── Data section ──

(* Let $C$ be an $(n,n-b)$-code, let $d\in\{0,1,\dots,b\}$, and let $C'$ be any $(m,m-1)$ MDS code. The following are equivalent: (a) $C$ is $\operatorname{rMDS}^d(m)$; (b) $C'\otimes C$ is a $(1,b-d)$-relaxed $(m,n,1,b)$-MR tensor code.
   Context: An $(n,k)$-code is a $k$-dimensional subspace of $\mathbb F^n$ with a $k\times n$ generator matrix. For a $k\times n$ matrix $V$ and $A\subseteq[n]$, $V|_A$ is the submatrix of columns in $A$. For $A_1,\dots,A_\ell\subseteq[n]$, $\mathcal G_{A_1,\dots,A_\ell}[V]$ is the $\ell k\times(k+\sum|A_i|)$ block matrix whose $i$-th block row has $I_k$ in the first block column and $V|_{A_i}$ in block column $i+1$, zeros elsewhere. Sets are $V$-saturated if $\operatorname{rank}\mathcal G_{A_1,\dots,A_\ell}[V]=\ell k$, and have the $k$-dimensional saturation property if they are $W$-saturated for a generic $k\times n$ matrix $W$ (independent indeterminate entries). An $(n,k)$-code with generator matrix $G$ is $\operatorname{rMDS}^d(\ell)$ ($0\le d\le n-k$) if every family $A_1,\dots,A_\ell$ with the $(k+d)$-dimensional saturation property is $G$-saturated. Tensor codes: for an $(m,m-a)$-code $C_1$ and an $(n,n-b)$-code $C_2$, $C_1\otimes C_2$ is the code of $m\times n$ arrays whose columns lie in $C_1$ and rows in $C_2$. An erasure pattern $E\subseteq[m]\times[n]$ is correctable by a code if every codeword is determined by its entries outside $E$. $\mathcal E^{m,n}_{a,b}$ denotes the set of patterns correctable by an $(m,n,a,b)$-maximally recoverable tensor code over the relevant field characteristic, i.e. by $C_1\otimes C_2$ where $C_1,C_2$ have generic generator matrices of sizes $(m-a)\times m$ and $(n-b)\times n$. For $a'\le a$, $b'\le b$, $C_1\otimes C_2$ (with $C_1$ an $(m,m-a)$-code and $C_2$ an $(n,n-b)$-code) is an $(a',b')$-relaxed $(m,n,a,b)$-MR tensor code if it corrects every $E\in\mathcal E^{m,n}_{a',b'}$. *)

theory Defs
  imports "HOL-Library.Poly_Mapping" "HOL-Library.Product_Lexorder"
          "HOL-Computational_Algebra.Fraction_Field"
begin

(* Matrices are functions nat => nat => 'k, with explicit dimensions;
   entries outside the stated ranges are ignored. Vectors are nat => 'k. *)

definition full_row_rank :: "(nat \<Rightarrow> nat \<Rightarrow> 'k::field) \<Rightarrow> nat \<Rightarrow> nat \<Rightarrow> bool" where
  "full_row_rank M r c \<longleftrightarrow>
     (\<forall>u. (\<forall>j<c. (\<Sum>i<r. u i * M i j) = 0) \<longrightarrow> (\<forall>i<r. u i = 0))"

definition restrict_cols :: "(nat \<Rightarrow> nat \<Rightarrow> 'k) \<Rightarrow> nat set \<Rightarrow> nat \<Rightarrow> nat \<Rightarrow> 'k" where
  "restrict_cols V A = (\<lambda>p q. V p (sorted_list_of_set A ! q))"

text \<open>The (l*k) x (k + sum |A_i|) block matrix G_{A_0,...,A_{l-1}}[V]:
  block row i has I_k in block column 0 and V|_{A_i} in block column i+1.\<close>
definition gblock :: "nat \<Rightarrow> (nat \<Rightarrow> nat \<Rightarrow> 'k::{zero,one}) \<Rightarrow> (nat \<Rightarrow> nat set) \<Rightarrow> nat \<Rightarrow> nat \<Rightarrow> 'k" where
  "gblock k V A = (\<lambda>r c.
     (let i = r div k; p = r mod k in
      if c < k then (if c = p then 1 else 0)
      else (let c' = c - k; off = (\<Sum>t<i. card (A t)) in
            if off \<le> c' \<and> c' < off + card (A i)
            then restrict_cols V (A i) p (c' - off) else 0)))"
lemma lin_recursion_identity:
  assumes U: "smooth_on4 S U" and V: "smooth_on4 S V" and p: "(x, y, z, t) \<in> S"
    and Vz: "\<forall>q\<in>S. uncurry4 (pz V) q = uncurry4 (rhs_z u U V) q"
    and Vx: "\<forall>q\<in>S. uncurry4 (px V) q = uncurry4 (rhs_x u U V) q"
  shows "lin u V x y z t = V x y z t / px u x y z t * px (eqn_expanded u) x y z t
      - rB u U x y z t / px u x y z t * eqn_expanded u x y z t
      - py u x y z t / px u x y z t * lin u U x y z t"
proof -
  have V_x: "px V x y z t = rhs_x u U V x y z t" and V_z: "pz V x y z t = rhs_z u U V x y z t"
    using Vx Vz p by force+
  have V_xz: "pz (px V) x y z t = pz (rhs_x u U V) x y z t"
    and V_xx: "px (px V) x y z t = px (rhs_x u U V) x y z t"
    and V_zy: "py (pz V) x y z t = py (rhs_z u U V) x y z t"
    and V_xt: "pt (px V) x y z t = pt (rhs_x u U V) x y z t"
    by (rule pz_cong_on[OF S Vx p] px_cong_on[OF S Vx p] py_cong_on[OF S Vz p] pt_cong_on[OF S Vx p])+
  have V_sym: "pz (py V) x y z t = py (pz V) x y z t" "px (pt V) x y z t = pt (px V) x y z t"
    using pz_py_commute[OF S V p] pt_px_commute[OF S V p] by simp_all
  have U_sym: "py (px U) x y z t = px (py U) x y z t" "pt (py U) x y z t = py (pt U) x y z t"
    "pt (px U) x y z t = px (pt U) x y z t"
    using py_px_commute[OF S U p] pt_py_commute[OF S U p] pt_px_commute[OF S U p] by simp_all
  have u_sym: "px (py u) x y z t = py (px u) x y z t" "px (pt u) x y z t = pt (px u) x y z t"
    "py (pt u) x y z t = pt (py u) x y z t" "px (pz (px u)) x y z t = pz (px (px u)) x y z t"
    using py_px_commute[OF S u p] pt_px_commute[OF S u p] pt_py_commute[OF S u p]
      pz_px_commute[OF S smooth_on4_pderivs[OF u] p] by (simp_all add: pderivs.intros)
  note u_sym3 = third_partials_commute[OF S u p]
  \<comment> \<open>With b = 1/u_x, the claim is a polynomial identity modulo the relation u_x b = 1.\<close>
  define b where "b = inverse (px u x y z t)"
  have ab: "px u x y z t * b = 1"
    using ux_nonzero[OF p] by (simp add: b_def)
  show ?thesis
    unfolding lin_eq_rA_rB[OF V p] lin_eq_rA_rB[OF U p] px_eqn_expanded[OF p]
    unfolding eqn_expanded_def pz_rB[OF V p] px_rA[OF V p] pz_rB[OF U p] px_rA[OF U p]
      V_sym V_xz V_xx V_zy V_xt pz_rhs_x[OF U V p] px_rhs_x[OF U V p] py_rhs_z[OF U V p]
      pt_rhs_x[OF U V p] px_rB[OF U p] pt_rB[OF U p] py_rA[OF U p] U_sym u_sym u_sym3
    unfolding rA_def rB_def V_x V_z rhs_x_def rhs_z_def cA_def cB_def divide_inverse b_def[symmetric]
    using ab by algebra
qed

───

## Task prompt
Look above for the line that contains "using ux_nonzero[OF p]". That line and every line after it through the end of the data must be written out exactly, with nothing else.

## Answer below
    using ux_nonzero[OF p] by (simp add: b_def)
  show ?thesis
    unfolding lin_eq_rA_rB[OF V p] lin_eq_rA_rB[OF U p] px_eqn_expanded[OF p]
    unfolding eqn_expanded_def pz_rB[OF V p] px_rA[OF V p] pz_rB[OF U p] px_rA[OF U p]
      V_sym V_xz V_xx V_zy V_xt pz_rhs_x[OF U V p] px_rhs_x[OF U V p] py_rhs_z[OF U V p]
      pt_rhs_x[OF U V p] px_rB[OF U p] pt_rB[OF U p] py_rA[OF U p] U_sym u_sym u_sym3
    unfolding rA_def rB_def V_x V_z rhs_x_def rhs_z_def cA_def cB_def divide_inverse b_def[symmetric]
    using ab by algebra
qed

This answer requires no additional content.